Impairment of hippocampal gamma (γ)‐frequency oscillations in vitro in mice overexpressing human amyloid precursor protein (APP)

Alzheimer's disease is associated with a dramatic decline in cognitive performance including hippocampal‐dependent memory. We have investigated one feature of hippocampal activity related to memory, the γ (30–80 Hz)‐frequency rhythm. Hippocampal slices from mice overexpressing the human amyloid precursor protein (APP) SWE mutation (TAS10) were compared at 8 and 16 months of age with wild‐type littermates. In slices obtained from TAS10 mice aged 8 months the γ‐frequency activity evoked with bath application of 200 n m kainate was significantly ( P <  0.05; n  = 8 slices, five animals) impaired (area power, 5956 ± 2487 µV 2 ) compared to slices from wild‐type animals (area power, 18 256 ± 7880 µV 2 ). At 16 months of age there was no longer a significant difference ( P  > 0.05; n  = 11 slices from five animals) between slices from TAS10 and wild‐type control mice as the wild‐type mice now exhibited a marked age‐dependent reduction in γ‐frequency activity (TAS10 area power, 5751 ± 1573 µV 2 ; wild‐type area power = 5379 ± 1454 µV 2 ).
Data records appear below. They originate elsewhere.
(* Let $[\mu]\in\mathbb PV_n$ be a critical point of $F_n$ with $\mathrm M_\mu=c_\mu I+D_\mu$, $c_\mu\in\mathbb R$, $D_\mu\in\mathrm{Der}(\mu)$. Then (i) $c_\mu=\dfrac{\operatorname{tr}\mathrm M_\mu^2}{\operatorname{tr}\mathrm M_\mu}=-\dfrac12\dfrac{\operatorname{tr}\mathrm M_\mu^2}{\|\mu\|^2}<0$; (ii) if $\operatorname{tr}D_\mu\neq0$, then $c_\mu=-\dfrac{\operatorname{tr}D_\mu^2}{\operatorname{tr}D_\mu}$ and $\operatorname{tr}D_\mu>0$.
   Context: $V_n$ is the space of bilinear maps $\mu:\mathbb C^n\times\mathbb C^n\to\mathbb C^n$ with the Hermitian inner product $\langle\mu,\lambda\rangle=\sum_{i,j,k}\langle\mu(X_i,X_j),X_k\rangle\overline{\langle\lambda(X_i,X_j),X_k\rangle}$ ($\{X_i\}$ orthonormal for the standard inner product of $\mathbb C^n$). $L^\mu_XY=\mu(X,Y)$, $R^\mu_XY=\mu(Y,X)$, $\mathrm M_\mu=2\sum_i L^\mu_{X_i}(L^\mu_{X_i})^*-2\sum_i (L^\mu_{X_i})^*L^\mu_{X_i}-2\sum_i (R^\mu_{X_i})^*R^\mu_{X_i}$. $F_n([\mu])=\operatorname{tr}\mathrm M_\mu^2/\|\mu\|^4$ on $\mathbb PV_n$; $\mathrm{Der}(\mu)$ is the derivation algebra. $[\mu]$ is a critical point of $F_n$ iff $\mathrm M_\mu=c_\mu I+D_\mu$ with $c_\mu\in\mathbb R$, $D_\mu\in\mathrm{Der}(\mu)$. *)

theory Defs
  imports "HOL-Analysis.Analysis"
begin

text \<open>C^n is modelled as complex^'n for a finite index type 'n (n = CARD('n)).
  A bilinear map mu : C^n x C^n -> C^n is given by its structure constants
  w.r.t. the standard orthonormal basis X_i = axis i 1:
  sc i j k = <mu(X_i,X_j),X_k>.\<close>

type_synonym 'n bilin = "'n \<Rightarrow> 'n \<Rightarrow> 'n \<Rightarrow> complex"

definition bapply :: "'n::finite bilin \<Rightarrow> complex^'n \<Rightarrow> complex^'n \<Rightarrow> complex^'n" where
  "bapply mu x y = (\<chi> k. \<Sum>i\<in>UNIV. \<Sum>j\<in>UNIV. x$i * y$j * mu i j k)"

definition bnorm2 :: "'n::finite bilin \<Rightarrow> real" where
  "bnorm2 mu = (\<Sum>i\<in>UNIV. \<Sum>j\<in>UNIV. \<Sum>k\<in>UNIV. (cmod (mu i j k))\<^sup>2)"

definition cadj :: "complex^'n^'n \<Rightarrow> complex^'n^'n" where
  "cadj A = (\<chi> i j. cnj (A$j$i))"

definition Lop :: "'n::finite bilin \<Rightarrow> complex^'n \<Rightarrow> complex^'n^'n" where
  "Lop mu x = (\<chi> k l. (bapply mu x (axis l 1))$k)"

definition Rop :: "'n::finite bilin \<Rightarrow> complex^'n \<Rightarrow> complex^'n^'n" where
  "Rop mu x = (\<chi> k l. (bapply mu (axis l 1) x)$k)"

definition Mmu :: "'n::finite bilin \<Rightarrow> complex^'n^'n" where
  "Mmu mu =
     2 *\<^sub>R (\<Sum>i\<in>UNIV. Lop mu (axis i 1) ** cadj (Lop mu (axis i 1)))
   - 2 *\<^sub>R (\<Sum>i\<in>UNIV. cadj (Lop mu (axis i 1)) ** Lop mu (axis i 1))
   - 2 *\<^sub>R (\<Sum>i\<in>UNIV. cadj (Rop mu (axis i 1)) ** Rop mu (axis i 1))"

definition Der :: "'n::finite bilin \<Rightarrow> (complex^'n^'n) set" where
  "Der mu = {D. \<forall>x y. D *v bapply mu x y = bapply mu (D *v x) y + bapply mu x (D *v y)}"

end

theory Submission
  imports Defs
begin

text \<open>The key identity is \<open>tr (M\<^sub>\<mu> E) = 2\<langle>E\<mu>(\<cdot>,\<cdot>) - \<mu>(E\<cdot>,\<cdot>) - \<mu>(\<cdot>,E\<cdot>), \<mu>\<rangle>\<close>
  for every matrix \<open>E\<close>. Taking \<open>E = D\<^sub>\<mu>\<close> gives \<open>tr (M\<^sub>\<mu> D\<^sub>\<mu>) = 0\<close>, and taking \<open>E = I\<close> gives
  \<open>tr M\<^sub>\<mu> = -2\<parallel>\<mu>\<parallel>\<^sup>2\<close>. Multiplying \<open>M\<^sub>\<mu> = c\<^sub>\<mu> I + D\<^sub>\<mu>\<close> by \<open>M\<^sub>\<mu>\<close> resp. \<open>D\<^sub>\<mu>\<close> and taking traces then yields
  \<open>tr M\<^sub>\<mu>\<^sup>2 = c\<^sub>\<mu> tr M\<^sub>\<mu>\<close> and \<open>tr D\<^sub>\<mu>\<^sup>2 = -c\<^sub>\<mu> tr D\<^sub>\<mu>\<close>; since \<open>M\<^sub>\<mu>\<close> and \<open>D\<^sub>\<mu>\<close> are Hermitian, their
  squares have positive trace, which fixes the signs.\<close>

lemma bapply_axis_left: "bapply mu (axis a 1) y $ k = (\<Sum>b\<in>UNIV. y$b * mu a b k)"
  by (simp add: bapply_def axis_def if_distrib[of "\<lambda>x. x * _"] sum.swap[of _ UNIV] cong: if_cong)

lemma bapply_axis_right: "bapply mu x (axis b 1) $ k = (\<Sum>a\<in>UNIV. x$a * mu a b k)"
  by (simp add: bapply_def axis_def if_distrib[of "\<lambda>x. x * _"] if_distrib[of "\<lambda>x. _ * x"] cong: if_cong)

lemma bapply_axis_axis: "bapply mu (axis a 1) (axis b 1) $ k = mu a b k"
  unfolding bapply_axis_left by (simp add: axis_def if_distrib[of "\<lambda>x. x * _"] cong: if_cong)

lemma Lop_axis_nth: "Lop mu (axis i 1) $ k $ l = mu i l k"
  by (simp add: Lop_def bapply_axis_axis)

lemma Rop_axis_nth: "Rop mu (axis i 1) $ k $ l = mu l i k"
  by (simp add: Rop_def bapply_axis_axis)

lemma Mmu_nth: "Mmu mu $ k $ m =
   2 * (\<Sum>i\<in>UNIV. \<Sum>l\<in>UNIV. mu i l k * cnj (mu i l m))
 - 2 * (\<Sum>i\<in>UNIV. \<Sum>l\<in>UNIV. cnj (mu i k l) * mu i m l)
 - 2 * (\<Sum>i\<in>UNIV. \<Sum>l\<in>UNIV. cnj (mu k i l) * mu m i l)"
  by (simp add: Mmu_def matrix_matrix_mult_def cadj_def Lop_axis_nth Rop_axis_nth scaleR_conv_of_real)

lemma cadj_Mmu: "cadj (Mmu mu) = Mmu mu"
  by (simp add: cadj_def Mmu_nth vec_eq_iff mult.commute)

lemma sum_UNIV_4:
  "(\<Sum>a\<in>UNIV. \<Sum>b\<in>UNIV. \<Sum>c\<in>UNIV. \<Sum>d\<in>UNIV. f a b c d)
   = (\<Sum>(a, b, c, d)\<in>UNIV. f a b c d :: 'z::comm_monoid_add)"
  by (simp add: sum.cartesian_product case_prod_beta UNIV_Times_UNIV[symmetric] del: UNIV_Times_UNIV)

lemma matrix_vector_mult_axis_nth: "(A *v axis i 1) $ k = A$k$i"
  by (simp add: matrix_vector_mult_def axis_def if_distrib[of "\<lambda>x. _ * x"] cong: if_cong)

definition derivation_defect :: "complex^'n^'n \<Rightarrow> 'n::finite bilin \<Rightarrow> 'n bilin" where
  "derivation_defect E mu i j m =
     (\<Sum>k\<in>UNIV. E$m$k * mu i j k) - (\<Sum>p\<in>UNIV. E$p$i * mu p j m) - (\<Sum>p\<in>UNIV. E$p$j * mu i p m)"

lemma derivation_defect_Der:
  assumes "D \<in> Der mu" shows "derivation_defect D mu i j m = 0"
proof -
  have "(\<Sum>k\<in>UNIV. D$m$k * mu i j k) = (D *v bapply mu (axis i 1) (axis j 1)) $ m"
    by (simp add: matrix_vector_mult_def bapply_axis_axis)
  also have "\<dots> = bapply mu (D *v axis i 1) (axis j 1) $ m + bapply mu (axis i 1) (D *v axis j 1) $ m"
    using assms by (simp add: Der_def)
  also have "\<dots> = (\<Sum>p\<in>UNIV. D$p$i * mu p j m) + (\<Sum>p\<in>UNIV. D$p$j * mu i p m)"
    by (simp add: bapply_axis_left bapply_axis_right matrix_vector_mult_axis_nth)
  finally show ?thesis by (simp add: derivation_defect_def)
qed

lemma derivation_defect_mat_1: "derivation_defect (mat 1) mu i j m = - mu i j m"
  by (simp add: derivation_defect_def mat_def if_distrib[of "\<lambda>x. x * _"] cong: if_cong)

lemma trace_Mmu_mult:
  fixes E :: "complex^'n^'n" and mu :: "'n::finite bilin"
  shows "trace (Mmu mu ** E) =
    2 * (\<Sum>i\<in>UNIV. \<Sum>j\<in>UNIV. \<Sum>m\<in>UNIV. cnj (mu i j m) * derivation_defect E mu i j m)"
proof -
  have L: "(\<Sum>k\<in>UNIV. \<Sum>m\<in>UNIV. (\<Sum>i\<in>UNIV. \<Sum>l\<in>UNIV. mu i l k * cnj (mu i l m)) * E$m$k)
    = (\<Sum>i\<in>UNIV. \<Sum>j\<in>UNIV. \<Sum>m\<in>UNIV. cnj (mu i j m) * (\<Sum>k\<in>UNIV. E$m$k * mu i j k))"
    unfolding sum_distrib_left sum_distrib_right sum_UNIV_4
    by (rule sum.reindex_bij_witness[where i="\<lambda>(i,j,m,k). (k,m,i,j)" and j="\<lambda>(k,m,i,j). (i,j,m,k)"]) auto
  have R1: "(\<Sum>k\<in>UNIV. \<Sum>m\<in>UNIV. (\<Sum>i\<in>UNIV. \<Sum>l\<in>UNIV. cnj (mu i k l) * mu i m l) * E$m$k)
    = (\<Sum>i\<in>UNIV. \<Sum>j\<in>UNIV. \<Sum>m\<in>UNIV. cnj (mu i j m) * (\<Sum>p\<in>UNIV. E$p$j * mu i p m))"
    unfolding sum_distrib_left sum_distrib_right sum_UNIV_4
    by (rule sum.reindex_bij_witness[where i="\<lambda>(i,j,m,p). (j,p,i,m)" and j="\<lambda>(k,m,i,l). (i,k,l,m)"]) auto
  have R2: "(\<Sum>k\<in>UNIV. \<Sum>m\<in>UNIV. (\<Sum>i\<in>UNIV. \<Sum>l\<in>UNIV. cnj (mu k i l) * mu m i l) * E$m$k)
    = (\<Sum>i\<in>UNIV. \<Sum>j\<in>UNIV. \<Sum>m\<in>UNIV. cnj (mu i j m) * (\<Sum>p\<in>UNIV. E$p$i * mu p j m))"
    unfolding sum_distrib_left sum_distrib_right sum_UNIV_4
    by (rule sum.reindex_bij_witness[where i="\<lambda>(i,j,m,p). (i,p,j,m)" and j="\<lambda>(k,m,i,l). (k,i,l,m)"]) auto
  have "trace (Mmu mu ** E) = (\<Sum>k\<in>UNIV. \<Sum>m\<in>UNIV. Mmu mu $ k $ m * E$m$k)"
    by (simp add: trace_def matrix_matrix_mult_def)
  also have "\<dots> = 2 * (\<Sum>k\<in>UNIV. \<Sum>m\<in>UNIV. (\<Sum>i\<in>UNIV. \<Sum>l\<in>UNIV. mu i l k * cnj (mu i l m)) * E$m$k)
     - 2 * (\<Sum>k\<in>UNIV. \<Sum>m\<in>UNIV. (\<Sum>i\<in>UNIV. \<Sum>l\<in>UNIV. cnj (mu i k l) * mu i m l) * E$m$k)
     - 2 * (\<Sum>k\<in>UNIV. \<Sum>m\<in>UNIV. (\<Sum>i\<in>UNIV. \<Sum>l\<in>UNIV. cnj (mu k i l) * mu m i l) * E$m$k)"
    unfolding Mmu_nth
    by (simp only: left_diff_distrib sum_subtractf sum_distrib_left[symmetric] mult.assoc)
  also have "\<dots> = 2 * (\<Sum>i\<in>UNIV. \<Sum>j\<in>UNIV. \<Sum>m\<in>UNIV. cnj (mu i j m) * derivation_defect E mu i j m)"
    unfolding L R1 R2 derivation_defect_def
    by (simp add: right_diff_distrib sum_subtractf)
  finally show ?thesis .
qed

lemma trace_Mmu_mult_Der: "D \<in> Der mu \<Longrightarrow> trace (Mmu mu ** D) = 0"
  by (simp add: trace_Mmu_mult derivation_defect_Der)

lemma trace_Mmu: "trace (Mmu mu) = - 2 * complex_of_real (bnorm2 mu)"
proof -
  have "trace (Mmu mu) = trace (Mmu mu ** mat 1)" by simp
  also have "\<dots> = - 2 * (\<Sum>i\<in>UNIV. \<Sum>j\<in>UNIV. \<Sum>m\<in>UNIV. cnj (mu i j m) * mu i j m)"
    unfolding trace_Mmu_mult derivation_defect_mat_1 by (simp add: sum_negf)
  also have "\<dots> = - 2 * complex_of_real (bnorm2 mu)"
    by (simp add: bnorm2_def complex_norm_square mult.commute del: of_real_power)
  finally show ?thesis .
qed

lemma bnorm2_pos:
  assumes "mu \<noteq> (\<lambda>i j k. 0)" shows "0 < bnorm2 mu"
  using assms unfolding bnorm2_def
  by (force simp: less_le sum_nonneg sum_nonneg_eq_0_iff fun_eq_iff)

lemma cadj_add: "cadj (A + B) = cadj A + cadj B"
  by (simp add: cadj_def vec_eq_iff)

lemma cadj_mat_of_real: "cadj (mat (complex_of_real c)) = mat (complex_of_real c)"
  by (simp add: cadj_def mat_def vec_eq_iff)

lemma trace_cadj_mult_self:
  "trace (cadj A ** A) = complex_of_real (\<Sum>i\<in>UNIV. \<Sum>j\<in>UNIV. (cmod (A$i$j))\<^sup>2)"
proof -
  have "trace (cadj A ** A) = (\<Sum>j\<in>UNIV. \<Sum>i\<in>UNIV. cnj (A$i$j) * A$i$j)"
    by (simp add: trace_def matrix_matrix_mult_def cadj_def)
  also have "\<dots> = (\<Sum>i\<in>UNIV. \<Sum>j\<in>UNIV. cnj (A$i$j) * A$i$j)"
    by (rule sum.swap)
  finally show ?thesis
    by (simp add: complex_norm_square mult.commute del: of_real_power)
qed

lemma sum_cmod_nth_square_pos:
  fixes A :: "complex^'n::finite^'m::finite"
  assumes "A \<noteq> 0" shows "0 < (\<Sum>i\<in>UNIV. \<Sum>j\<in>UNIV. (cmod (A$i$j))\<^sup>2)"
  using assms by (force simp: less_le sum_nonneg sum_nonneg_eq_0_iff vec_eq_iff)

lemma trace_square_hermitian:
  assumes "cadj A = A" "A \<noteq> 0" obtains r where "0 < r" "trace (A ** A) = complex_of_real r"
  using sum_cmod_nth_square_pos[OF assms(2)] trace_cadj_mult_self[of A] assms(1) by auto

lemma trace_hermitian_real: "cadj A = A \<Longrightarrow> trace A \<in> \<real>"
  unfolding trace_def cadj_def by (intro sum_in_Reals) (metis Reals_cnj_iff vec_lambda_beta)

lemma trace_mult_mat: "trace ((A::'a::comm_semiring_1^'n^'n) ** mat x) = x * trace A"
  by (simp add: trace_def matrix_matrix_mult_def mat_def sum_distrib_left mult.commute
      if_distrib[of "\<lambda>y. _ * y"] cong: if_cong)

lemma trace_squares_orthogonal_decomposition:
  fixes M D :: "'a::comm_ring_1^'n^'n"
  assumes M: "M = mat c + D" and orth: "trace (M ** D) = 0"
  shows "trace (M ** M) = c * trace M" and "trace (D ** D) = - c * trace D"
proof -
  have "trace (M ** M) = trace (M ** mat c) + trace (M ** D)"
    by (simp only: trace_add[symmetric] matrix_add_ldistrib[symmetric] M[symmetric])
  then show "trace (M ** M) = c * trace M"
    using orth by (simp add: trace_mult_mat)
  have "trace (D ** mat c) + trace (D ** D) = trace (M ** D)"
    by (simp only: trace_add[symmetric] matrix_add_ldistrib[symmetric] M[symmetric] trace_mul_sym[of D M])
  then show "trace (D ** D) = - c * trace D"
    using orth by (simp add: trace_mult_mat eq_neg_iff_add_eq_0 add.commute)
qed

lemma hermitian_decomposition_trace_pos:
  assumes herm: "cadj M = M" and M: "M = mat (complex_of_real c) + D"
    and orth: "trace (M ** D) = 0" and "c < 0" and trD: "trace D \<noteq> 0"
  shows "complex_of_real c = - trace (D ** D) / trace D \<and> trace D \<in> \<real> \<and> 0 < Re (trace D)"
proof -
  have DD: "trace (D ** D) = - complex_of_real c * trace D"
    by (rule trace_squares_orthogonal_decomposition(2)[OF M orth])
  have "cadj D = D" using herm by (subst (asm) M) (simp add: M cadj_add cadj_mat_of_real)
  moreover have "D \<noteq> 0" using trD by (auto simp: trace_def)
  ultimately obtain q where "0 < q" and q: "trace (D ** D) = complex_of_real q"
    by (rule trace_square_hermitian)
  have real: "trace D \<in> \<real>" using \<open>cadj D = D\<close> by (rule trace_hermitian_real)
  then obtain t where t: "trace D = complex_of_real t" by (auto elim: Reals_cases)
  have "complex_of_real q = complex_of_real (- c * t)" using DD q t by simp
  then have "q = - c * t" by (simp only: of_real_eq_iff)
  then have "0 < t" using \<open>0 < q\<close> \<open>c < 0\<close> by (simp add: mult_less_0_iff)
  with DD trD real t show ?thesis by simp
qed

theorem lemma3p6:
  fixes mu :: "'n::finite bilin" and c :: real and D :: "complex^'n^'n"
  assumes "mu \<noteq> (\<lambda>i j k. 0)"
    and "D \<in> Der mu"
    and "Mmu mu = mat (complex_of_real c) + D"
  shows "complex_of_real c = trace (Mmu mu ** Mmu mu) / trace (Mmu mu)
       \<and> complex_of_real c = - (1/2) * trace (Mmu mu ** Mmu mu) / complex_of_real (bnorm2 mu)
       \<and> c < 0
       \<and> (trace D \<noteq> 0 \<longrightarrow>
         complex_of_real c = - trace (D ** D) / trace D \<and> trace D \<in> \<real> \<and> 0 < Re (trace D))"
proof -
  have orth: "trace (Mmu mu ** D) = 0" using assms(2) by (rule trace_Mmu_mult_Der)
  have MM: "trace (Mmu mu ** Mmu mu) = complex_of_real c * trace (Mmu mu)"
    by (rule trace_squares_orthogonal_decomposition(1)[OF assms(3) orth])
  have b: "0 < bnorm2 mu" using assms(1) by (rule bnorm2_pos)
  then have "Mmu mu \<noteq> 0" using trace_Mmu[of mu] by (auto simp: trace_def)
  with cadj_Mmu obtain r where "0 < r" and r: "trace (Mmu mu ** Mmu mu) = complex_of_real r"
    by (rule trace_square_hermitian)
  have "complex_of_real r = complex_of_real (- 2 * c * bnorm2 mu)"
    using MM r trace_Mmu[of mu] by (simp add: mult_ac)
  then have "r = - 2 * c * bnorm2 mu" by (simp only: of_real_eq_iff)
  then have "c < 0" using \<open>0 < r\<close> b by (simp add: mult_less_0_iff)
  moreover have "complex_of_real c = trace (Mmu mu ** Mmu mu) / trace (Mmu mu)"
    using MM trace_Mmu[of mu] b by simp
  moreover have "complex_of_real c = - (1/2) * trace (Mmu mu ** Mmu mu) / complex_of_real (bnorm2 mu)"
    using MM trace_Mmu[of mu] b by simp
  ultimately show ?thesis
    using hermitian_decomposition_trace_pos[OF cadj_Mmu assms(3) orth] by blast
qed

end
Although no dense‐core plaques were evident at 8 months there was detectable amyloid labelling in the TAS10 mice which might account for the deficits in γ activity observed at this age. Dense plaques were clearly evident in the TAS10, but not wild‐type, mice at 16 months of age but no further reductions in γ‐frequency activity were seen in the TAS10 mice. These data suggest that deficits in network function in Alzheimer's disease occur early and are not directly correlated to amyloid load.